Cell Death and Disease ◽

10.1038/s41419-021-03610-1 ◽

2021 ◽

Vol 12 (6) ◽

Author(s):

HuiYa Li ◽

DanQing Hu ◽

Guilin Chen ◽

DeDong Zheng ◽

ShuMei Li ◽

...

Keyword(s):

Myocardial Infarction ◽

Stem Cells ◽

Mesenchymal Stem Cells ◽

Therapeutic Potential ◽

Left Ventricular ◽

Left Ventricular Ejection ◽

Paracrine Factors ◽

Dual Treatment

AbstractBoth weak survival ability of stem cells and hostile microenvironment are dual dilemma for cell therapy. Adropin, a bioactive substance, has been demonstrated to be cytoprotective.
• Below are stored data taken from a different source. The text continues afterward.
lemma k_intersecting_subfamily_counting:
  assumes "P \<subseteq> UNIV \<times> {1..d}" "finite F" "F \<subseteq> C_equiv d P"
    and "{G. G \<subseteq> F \<and> card G = Suc k \<and> k_intersecting P k G} \<noteq> {}"
  obtains G where "G \<subseteq> F" "k_intersecting P k G"
    "card {G. G \<subseteq> F \<and> card G = Suc k \<and> k_intersecting P k G}
       \<le> card G * ((card F choose k) * (d choose k))"
proof -
  define Good where "Good = {G. G \<subseteq> F \<and> card G = Suc k \<and> k_intersecting P k G}"
  define Keys where "Keys = {S. S \<subseteq> F \<and> card S = k} \<times> {T. T \<subseteq> {1..d} \<and> card T = k}"
  define Ext where "Ext x = {A \<in> F. \<forall>i\<in>snd x. covers_lower_part P (fst x) i A}" for x
  have fin_Keys: "finite Keys" and fin_Ext: "\<And>x. finite (Ext x)"
    unfolding Keys_def Ext_def using assms(2) by auto
  have fin_Good: "finite Good"
    unfolding Good_def using assms(2) by (auto intro: finite_subset[of _ "Pow F"])
  have card_Keys: "card Keys = (card F choose k) * (d choose k)"
    unfolding Keys_def using assms(2) by (simp add: card_cartesian_product n_subsets)
  have Good_le: "card Good \<le> (\<Sum>x\<in>Keys. card (Ext x))"
    using card_k_intersecting_le_sum_covering[OF assms(1-3), of k]
    unfolding Good_def Keys_def Ext_def .
  then have "Keys \<noteq> {}"
    using assms(4) fin_Good unfolding Good_def by auto
  then obtain x where "x \<in> Keys" "(\<Sum>y\<in>Keys. card (Ext y)) \<le> card Keys * card (Ext x)"
    using sum_le_card_mult_max[where f = "\<lambda>y. card (Ext y)", OF fin_Keys] by blast
  then have x: "x \<in> Keys" "card Good \<le> card (Ext x) * card Keys"
    using Good_le by (simp_all add: mult.commute)
  then have "Ext x \<noteq> {}"
    using assms(4) fin_Good unfolding Good_def by auto
  obtain S T where ST: "x = (S, T)" "S \<subseteq> F" "card T = k"
    using x(1) unfolding Keys_def by auto
  have "snd ` P \<subseteq> {1..d}"
    using assms(1) by auto
  then have "finite (snd ` P)"
    using finite_subset by blast
  moreover have "\<forall>i\<in>T. \<forall>A\<in>Ext x. covers_lower_part P S i A"
    unfolding Ext_def ST(1) by simp
  ultimately have "k_intersecting P k (S \<union> Ext x)"
    using k_intersecting_Un_covering[OF _ fin_Ext \<open>Ext x \<noteq> {}\<close> ST(3)] by blast
  moreover have "S \<union> Ext x \<subseteq> F"
    using ST(2) unfolding Ext_def ST(1) by auto
  moreover have "card Good \<le> card (S \<union> Ext x) * card Keys"
  proof -
    have "card (Ext x) \<le> card (S \<union> Ext x)"
      using assms(2) \<open>S \<union> Ext x \<subseteq> F\<close> by (intro card_mono) (auto intro: finite_subset)
    then show ?thesis
      using x(2) by (meson le_trans mult_le_mono1)
  qed
  ultimately show thesis
    using that[of "S \<union> Ext x"] card_Keys unfolding Good_def by simp
qed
We therefore hypothesized that adropin may produce dual protective effects on the therapeutic potential of stem cells in myocardial infarction by employing an adropin-based dual treatment of promoting stem cell survival in vitro and modifying microenvironment in vivo. In the current study, adropin (25 ng/ml) in vitro reduced hydrogen peroxide-induced apoptosis in rat bone marrow mesenchymal stem cells (MSCs) and improved MSCs survival with increased phosphorylation of Akt and extracellular regulated protein kinases (ERK) l/2. Adropin-induced cytoprotection was blocked by the inhibitors of Akt and ERK1/2. The left main coronary artery of rats was ligated for 3 or 28 days to induce myocardial infarction. Bromodeoxyuridine (BrdU)-labeled MSCs, which were in vitro pretreated with adropin, were in vivo intramyocardially injected after ischemia, following an intravenous injection of 0.2 mg/kg adropin (dual treatment). Compared with MSCs transplantation alone, the dual treatment with adropin reported a higher level of interleukin-10, a lower level of tumor necrosis factor-α and interleukin-1β in plasma at day 3, and higher left ventricular ejection fraction and expression of paracrine factors at day 28, with less myocardial fibrosis and higher capillary density, and produced more surviving BrdU-positive cells at day 3 and 28. In conclusion, our data evidence that adropin-based dual treatment may enhance the therapeutic potential of MSCs to repair myocardium through paracrine mechanism via the pro-survival pathways.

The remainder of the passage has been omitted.